(* Let $A$ be a finite-dimensional commutative algebra over a field of characteristic zero which is associative or alternative, let $\mathrm{Rad}(A)$ be its (Jacobson) radical, and let $R$ be a Rota–Baxter operator of weight zero on $A$. Then (a) $\mathrm{Im}\,R\subseteq \mathrm{Rad}(A)$; (b) if $A$ is unital, then $\mathrm{rb}(A)\le 2m-1$, where $m$ is the nilpotency index of $\mathrm{Rad}(A)$ (the least $m$ with $\mathrm{Rad}(A)^m=0$).
   Context: A linear operator $R$ on $A$ is a Rota–Baxter operator of weight $0$ if $R(x)R(y)=R(R(x)y+xR(y))$ for all $x,y\in A$. For finite-dimensional associative or alternative $A$, $\mathrm{Rad}(A)$ is the largest nilpotent ideal. The RB-index $\mathrm{rb}(A)$ is the least $n\in\mathbb N$ such that $R^n=0$ for every Rota–Baxter operator $R$ of weight zero on $A$ ($\infty$ if no such $n$ exists). *)

theory Defs
  imports Main "HOL-Library.Extended_Nat"
begin

definition bilinear_mult :: "('k::field \<Rightarrow> 'v::ab_group_add \<Rightarrow> 'v) \<Rightarrow> ('v \<Rightarrow> 'v \<Rightarrow> 'v) \<Rightarrow> bool" where
  "bilinear_mult scale mult \<longleftrightarrow>
     (\<forall>x y z. mult (x + y) z = mult x z + mult y z) \<and>
     (\<forall>x y z. mult x (y + z) = mult x y + mult x z) \<and>
     (\<forall>a x y. mult (scale a x) y = scale a (mult x y)) \<and>
     (\<forall>a x y. mult x (scale a y) = scale a (mult x y))"
text \<open>The adjugate formula, used over power series, where a nonzero constant term makes the
  determinant a unit.\<close>
lemma Aring_right_inverse:
  assumes "M \<in> Aring N" "det (coeff_mat M 0) \<noteq> 0"
  obtains T where "T \<in> Aring N" "M * T = 1\<^sub>m N"
proof -
  obtain M' where M': "M' \<in> carrier_mat N N" "M = map_mat fps_to_fls M'"
    using assms(1) by (rule Aring_cases)
  have unit: "inverse (det M') * det M' = 1"
    using assms(2) by (simp add: M'(2) coeff_mat_map_fps_to_fls inverse_mult_eq_1)
  define T' where "T' = inverse (det M') \<cdot>\<^sub>m adj_mat M'"
  have T': "T' \<in> carrier_mat N N" unfolding T'_def using adj_mat(1)[OF M'(1)] by simp
  have "M' * T' = inverse (det M') \<cdot>\<^sub>m (det M' \<cdot>\<^sub>m 1\<^sub>m N)"
    unfolding T'_def using adj_mat[OF M'(1)] by (simp add: mult_smult_distrib[OF M'(1)])
  also have "\<dots> = 1\<^sub>m N" using unit by (intro eq_matI) auto
  finally have "M' * T' = 1\<^sub>m N" .
  then show thesis
    by (intro that[of "map_mat fps_to_fls T'"])
      (simp_all add: T' map_fps_to_fls_in_Aring M'(2) fps_to_fls_hom.mat_hom_one
        flip: fps_to_fls_hom.mat_hom_mult[OF M'(1) T'])
qed

lemma coeff_mat_nth [simp]:
  "i < dim_row M \<Longrightarrow> j < dim_col M \<Longrightarrow> coeff_mat M k $$ (i,j) = fls_nth (M $$ (i,j)) k"
  by (simp add: coeff_mat_def)

lemma coeff_mat_carrier [simp]: "coeff_mat M k \<in> carrier_mat m n \<longleftrightarrow> M \<in> carrier_mat m n"
  by (simp add: coeff_mat_def)

lemma coeff_mat_dims [simp]:
  "dim_row (coeff_mat M k) = dim_row M" "dim_col (coeff_mat M k) = dim_col M"
  by (simp_all add: coeff_mat_def)

definition lead_scale :: "nat \<Rightarrow> nat \<Rightarrow> int \<Rightarrow> complex fls mat" where
  "lead_scale N r k = mat_diag N (\<lambda>i. if i < r then fls_X_intpow k else 1)"

lemma lead_scale_carrier [simp]: "lead_scale N r k \<in> carrier_mat N N"
  by (simp add: lead_scale_def)

lemma lead_scale_dims [simp]: "dim_row (lead_scale N r k) = N" "dim_col (lead_scale N r k) = N"
  by (simp_all add: lead_scale_def mat_diag_def)

lemma lead_scale_mult: "lead_scale N r k * lead_scale N r l = lead_scale N r (k + l)"
  unfolding lead_scale_def mat_diag_diag
  by (rule arg_cong[where f="mat_diag N"]) (auto simp: fls_X_intpow_times_fls_X_intpow)

lemma lead_scale_0 [simp]: "lead_scale N r 0 = 1\<^sub>m N"
  unfolding lead_scale_def mat_diag_one[symmetric]
  by (rule arg_cong[where f="mat_diag N"]) auto

lemma det_lead_scale:
  assumes "r \<le> N"
  shows "det (lead_scale N r k) = fls_X_intpow (int r * k)"
proof -
  have "det (lead_scale N r k) = (\<Prod>i\<in>{0..<N}. if i < r then fls_X_intpow k else 1)"
    by (subst det_upper_triangular[of _ N])
      (auto simp: lead_scale_def mat_diag_def diag_mat_def prod.distinct_set_conv_list[symmetric])
  also have "\<dots> = fls_X_intpow k ^ r"
  proof -
    have "{x. x < N \<and> x < r} = {..<r}" using assms by auto
    then show ?thesis by (simp add: prod.If_cases Int_def atLeast0LessThan)
  qed
  finally show ?thesis by (simp add: fls_X_intpow_power)
qed

lemma lead_scale_times:
  assumes "dim_row M = N"
  shows "lead_scale N r k * M =
    mat N (dim_col M) (\<lambda>(i,j). if i < r then fls_X_intpow k * M $$ (i,j) else M $$ (i,j))"
proof -
  have M: "M \<in> carrier_mat N (dim_col M)" by (rule carrier_matI[OF assms refl])
  show ?thesis
    unfolding lead_scale_def mat_diag_mult_left[OF M] by (rule cong_mat) auto
qed

lemma times_lead_scale:
  assumes "dim_col M = N"
  shows "M * lead_scale N r k =
    mat (dim_row M) N (\<lambda>(i,j). if j < r then fls_X_intpow k * M $$ (i,j) else M $$ (i,j))"
proof -
  have M: "M \<in> carrier_mat (dim_row M) N" by (rule carrier_matI[OF refl assms])
  show ?thesis
    unfolding lead_scale_def mat_diag_mult_right[OF M] by (rule cong_mat) auto
qed

lemma det_lead_scale_times:
  assumes "r \<le> N" "M \<in> carrier_mat N N"
  shows "det (lead_scale N r k * M) = fls_X_intpow (int r * k) * det M"
  using det_mult[OF lead_scale_carrier assms(2)] by (simp add: det_lead_scale[OF assms(1)])

lemma det_times_lead_scale:
  assumes "r \<le> N" "M \<in> carrier_mat N N"
  shows "det (M * lead_scale N r k) = fls_X_intpow (int r * k) * det M"
  using det_mult[OF assms(2) lead_scale_carrier] by (simp add: det_lead_scale[OF assms(1)] mult.commute)

lemma mult_assoc_4_mat:
  assumes "A \<in> carrier_mat n n" "B \<in> carrier_mat n n" "C \<in> carrier_mat n n" "D \<in> carrier_mat n n"
  shows "(A * B) * (C * D) = A * (B * C) * D"
proof -
  have "(A * B) * (C * D) = A * (B * (C * D))"
    using assms by (intro assoc_mult_mat mult_carrier_mat)
  also have "B * (C * D) = (B * C) * D"
    using assms by (intro assoc_mult_mat[symmetric])
  also have "A * ((B * C) * D) = A * (B * C) * D"
    using assms by (intro assoc_mult_mat[symmetric] mult_carrier_mat)
  finally show ?thesis .
qed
§ §
_Task goal_
Among the entries above, how many lines hold the string "over"? Answer with the number only.

_Response to the task_
2